━━ STORED DATA ━━

lemma generates_iff_next: "generates m f s \<longleftrightarrow> (\<forall>t. s (t + m) = f (window m s t))"
proof -
  have "map s [t..<t+m+1] = window m s t @ [s (t + m)]" for t
    unfolding window_def by simp
  then show ?thesis unfolding generates_def char_fun_def by (simp add: nth_append)
qed

lemma generates_iff_state_trans:
  "0 < m \<Longrightarrow> generates m f s \<longleftrightarrow> (\<forall>t. window m s (Suc t) = state_trans f (window m s t))"
  unfolding generates_iff_next state_trans_def by (simp add: window_Suc)

lemma window_funpow:
  assumes "0 < m" "generates m f s" "\<And>y. length y = m \<Longrightarrow> state_trans f y = P y"
  shows "window m s i = (P ^^ i) (window m s 0)"
proof (induction i)
  case (Suc i)
  have "window m s (Suc i) = P (window m s i)"
    using assms(2) generates_iff_state_trans[OF assms(1)] assms(3)[of "window m s i"] by simp
  then show ?case using Suc by simp
qed simp

lemma Omega_k_cycle_of: "Omega_k m (cycle_of s) = range (window m s)"
proof -
  have "map (\<lambda>t. s (t + i)) [0..<m] = window m s i" for i
    by (rule nth_equalityI) (simp_all add: nth_window add.commute)
  moreover have "Omega_k m (cycle_of s) = range (\<lambda>i. map (\<lambda>t. s (t + i)) [0..<m])"
    unfolding Omega_k_def cycle_of_def by auto
  ultimately show ?thesis by simp
qed

lemma Omega_k_cycle_of_generated:
  assumes "0 < m" "generates m f s" "\<And>y. length y = m \<Longrightarrow> state_trans f y = P y"
  shows "Omega_k m (cycle_of s) = forward_orbit P (window m s 0)"
proof -
  have "window m s = (\<lambda>i. (P ^^ i) (window m s 0))" by (rule ext) (rule window_funpow[OF assms])
  then show ?thesis unfolding Omega_k_cycle_of forward_orbit_def by (rule arg_cong)
qed

lemma length_if_in_Omega_k: "v \<in> Omega_k m c \<Longrightarrow> length v = m"
  unfolding Omega_k_def by auto

lemma cycle_of_subset:
  assumes "0 < m" "generates m f s1" "generates m f s2" "window m s1 0 = window m s2 j"
  shows "cycle_of s1 \<subseteq> cycle_of s2"
proof
  have "window m s1 t = window m s2 (t + j)" for t
  proof (induction t)
    case (Suc t)
    then show ?case using assms(2,3) generates_iff_state_trans[OF assms(1)] by simp
  qed (simp add: assms(4))
  then have "s1 t = s2 (t + j)" for t
    using hd_window[OF assms(1), of s1 t] hd_window[OF assms(1), of s2 "t + j"] by simp
  then have shift: "(\<lambda>t. s1 (t + i)) = (\<lambda>t. s2 (t + (i + j)))" for i by (simp add: add.assoc)
  fix r assume "r \<in> cycle_of s1"
  then obtain i where "r = (\<lambda>t. s1 (t + i))" unfolding cycle_of_def by blast
  then show "r \<in> cycle_of s2" unfolding cycle_of_def shift by blast
qed

lemma nth_state_trans_funpow:
  "i + j < length y \<Longrightarrow> ((state_trans f ^^ j) y) ! i = y ! (i + j)"
proof (induction j arbitrary: y)
  case (Suc j)
  have len: "length (state_trans f y) = length y" using Suc.prems by (simp add: state_trans_def)
  have "((state_trans f ^^ Suc j) y) ! i = ((state_trans f ^^ j) (state_trans f y)) ! i"
    by (simp add: funpow_swap1)
  also have "\<dots> = (state_trans f y) ! (i + j)"
    using Suc.IH[of "state_trans f y"] Suc.prems len by simp
  also have "\<dots> = y ! (i + Suc j)"
  proof -
    have "i + j < length (tl y)" using Suc.prems by simp
    then show ?thesis by (simp add: state_trans_def nth_append nth_tl)
  qed
  finally show ?case .
qed simp

lemma generated_through_state:
  assumes m: "0 < m" and perm: "finite_permutation {xs. length xs = m} (state_trans f)"
    and x: "length x = m"
  obtains s where "generates m f s" "periodic_seq s" "window m s 0 = x"
proof -
  interpret finite_permutation "{xs. length xs = m}" "state_trans f" by (rule perm)
  let ?F = "state_trans f"
  define s where "s t = hd ((?F ^^ t) x)" for t
  have len: "length ((?F ^^ t) x) = m" for t using funpow_in x by simp
  have window: "window m s t = (?F ^^ t) x" for t
  proof (rule nth_equalityI)
    fix i assume "i < length (window m s t)"
    then have i: "i < m" by simp
    have "(?F ^^ i) ((?F ^^ t) x) \<noteq> []" using len[of "i + t"] m by (auto simp: funpow_add)
    then have "window m s t ! i = ((?F ^^ i) ((?F ^^ t) x)) ! 0"
      unfolding nth_window[OF i] s_def by (simp add: funpow_add hd_conv_nth add.commute)
    also have "\<dots> = ((?F ^^ t) x) ! i"
      using nth_state_trans_funpow[of 0 i] len i by simp
    finally show "window m s t ! i = (?F ^^ t) x ! i" .
  qed (simp add: len)
  have "generates m f s" unfolding generates_iff_state_trans[OF m] window by simp
  moreover obtain n where "n > 0" "(?F ^^ n) x = x" using funpow_period x by blast
  then have "periodic_seq s" unfolding periodic_seq_def s_def by (auto simp: funpow_add)
  ultimately show thesis using that window[of 0] by simp
qed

━━━

#### [ACTIVITY]
From the entries above, extract only the lines running from the one containing "then show ?thesis unfolding generates_def" through the one containing "range (\<lambda>i. map", inclusive.

#### [RESPONSE TO THE EXERCISE]
  then show ?thesis unfolding generates_def char_fun_def by (simp add: nth_append)
qed

lemma generates_iff_state_trans:
  "0 < m \<Longrightarrow> generates m f s \<longleftrightarrow> (\<forall>t. window m s (Suc t) = state_trans f (window m s t))"
  unfolding generates_iff_next state_trans_def by (simp add: window_Suc)

lemma window_funpow:
  assumes "0 < m" "generates m f s" "\<And>y. length y = m \<Longrightarrow> state_trans f y = P y"
  shows "window m s i = (P ^^ i) (window m s 0)"
proof (induction i)
  case (Suc i)
  have "window m s (Suc i) = P (window m s i)"
    using assms(2) generates_iff_state_trans[OF assms(1)] assms(3)[of "window m s i"] by simp
  then show ?case using Suc by simp
qed simp

lemma Omega_k_cycle_of: "Omega_k m (cycle_of s) = range (window m s)"
proof -
  have "map (\<lambda>t. s (t + i)) [0..<m] = window m s i" for i
    by (rule nth_equalityI) (simp_all add: nth_window add.commute)
  moreover have "Omega_k m (cycle_of s) = range (\<lambda>i. map (\<lambda>t. s (t + i)) [0..<m])"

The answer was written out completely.